On June 17 2007, very early in the morning, Adam was attacked on the driveway of his parent's home, where he lived. Not to put too fine a point on it, the attack was cowardly and vicious, and a clear attempt to murder Adam. I won't go into the details of why.

Adam suffered massive physical trauma, including severe cranial damage - a HUGE chunk of his skull was shattered. To get an idea, take your left hand and place it on the left side of the top of your head, with the heel of your hand on your hair line. The area covered by your hand (including your fingers), is what was destroyed.

It is only thanks to the quick action of the paramedics and the sterling work of the Neuro-trauma ward at the John Radcliffe in Oxford that saved his life. He was comatose for weeks, and has still not fully recovered.

Physically, at least.

Recently (at the end of February), Adam finally got his skull-plate installed. He just spent 18 months with only a partial skull, and now he has a titanium plate.

"Why, oh why is this relevant, Chem?", I hear you cry. Simple. The returning player is Adam. For the first time since the attack, he's coming back to roleplaying, and he's coming over tonight, too.

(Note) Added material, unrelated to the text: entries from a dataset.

definition delay :: "nat \<Rightarrow> ('a \<Rightarrow> 'a \<Rightarrow> nat \<Rightarrow> real \<Rightarrow> real) \<Rightarrow> 'a \<Rightarrow> nat \<Rightarrow> ereal" where
  "delay U rate p c = recv rate p c - ereal (gen U c)"

definition Dmax :: "nat \<Rightarrow> ('a \<Rightarrow> 'a \<Rightarrow> nat \<Rightarrow> real \<Rightarrow> real) \<Rightarrow> 'a \<Rightarrow> ereal" where
  "Dmax U rate p = (SUP c\<in>{1..}. delay U rate p c)"

text \<open>The set of peers whose N(t) counts: D(p) <= t.\<close>
definition diffused :: "'a set \<Rightarrow> nat \<Rightarrow> ('a \<Rightarrow> 'a \<Rightarrow> nat \<Rightarrow> real \<Rightarrow> real) \<Rightarrow> real \<Rightarrow> 'a set" where
  "diffused P U rate t = {p \<in> P. Dmax U rate p \<le> ereal t}"

end

theory Submission
  imports Defs
begin

text \<open>
  Fix a horizon t \<ge> 0.  The source can upload at most one chunk per time unit, so
  averaging over the first chunks shows that some chunk c is delivered by the source to at most
  U peers within t + e of its generation (e > 0 small).  Every peer that received c by that
  time got it completely from some sender, its parent; choosing for each such peer a parent
  and a reception time within e of its first reception yields a forest rooted at the source.
  In this forest each node has at most k children (at most U for the source), and because a
  node can only forward c after receiving it and uploads at most one chunk per time unit, the
  children of a node arrive staggered, one per time unit after the parent's own reception.
  Counting such forests gives a recursion of k-step Fibonacci type: a node holding c with
  remaining time x has at most S_k(x + 1) descendants, up to a dilation by (1 + 2e) which
  absorbs the slack e lost per generation.  Every peer with D(p) \<le> t belongs to the forest,
  and for e small enough the dilated bound collapses to Nbar k U \<lfloor>t\<rfloor>.
\<close>

declare fibk.simps[simp del]

section \<open>Partial sums of k-step Fibonacci numbers\<close>

lemma fibk_nonpos: "i \<le> 0 \<Longrightarrow> fibk k i = 0"
  by (subst fibk.simps) simp

lemma fibk_one: "fibk k 1 = 1"
  by (subst fibk.simps) simp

He got knocked down, but he got up again.

Monday 30 March 2009

Make a grapple check!

Okay, I just completed my weekly catch-up with http://www.darthsanddroids.net/ and I couldn't help but be prompted by the notes-text in this issue: http://www.darthsanddroids.net/episodes/0233.html

Any GM in the world, ever, will recognise this sheer terror. For some reason grappling rules are horrendously complex (though, interestingly, they're not too bad in Rolemaster... but the complexity of that entire system means that they're ridiculously difficult, anyway).

As a GM, I actually wince whenever one of my players declares an action that will initiate the grappling rules. Out comes the relevant rulebook, and I follow the process, step-by-step.

Here's why, using the D&D 3.5E version of the grappling rules (which, bear in mind, are simplified):

1) Declare an action that will use the grappling rules.

2) Laugh at the GM as he effortlessly flips to the right page, cursing.

3) The target may make a free attack (the dreaded Attack of Opportunity) which, if successful, prevents the grapple attempt.

4) Snigger when the Attack of Opportunity misses.

5) Make a melee touch attack on the target to grab.

6) Crow victoriously as you effortlessly succeed at the easiest attack roll you have ever made.

7) Make an opposed grapple check, using a bonus that is never ever, ever used elsewhere in the game.

8) Grin at the GM because you made the grapple check and are now grappling.

9) Use any further itterative attacks your character may have to perform a series of bizzare and frustrating manoeuvres against an effectively helpless victim, preventing him from retaliating or performing any action other than attempting to free himself.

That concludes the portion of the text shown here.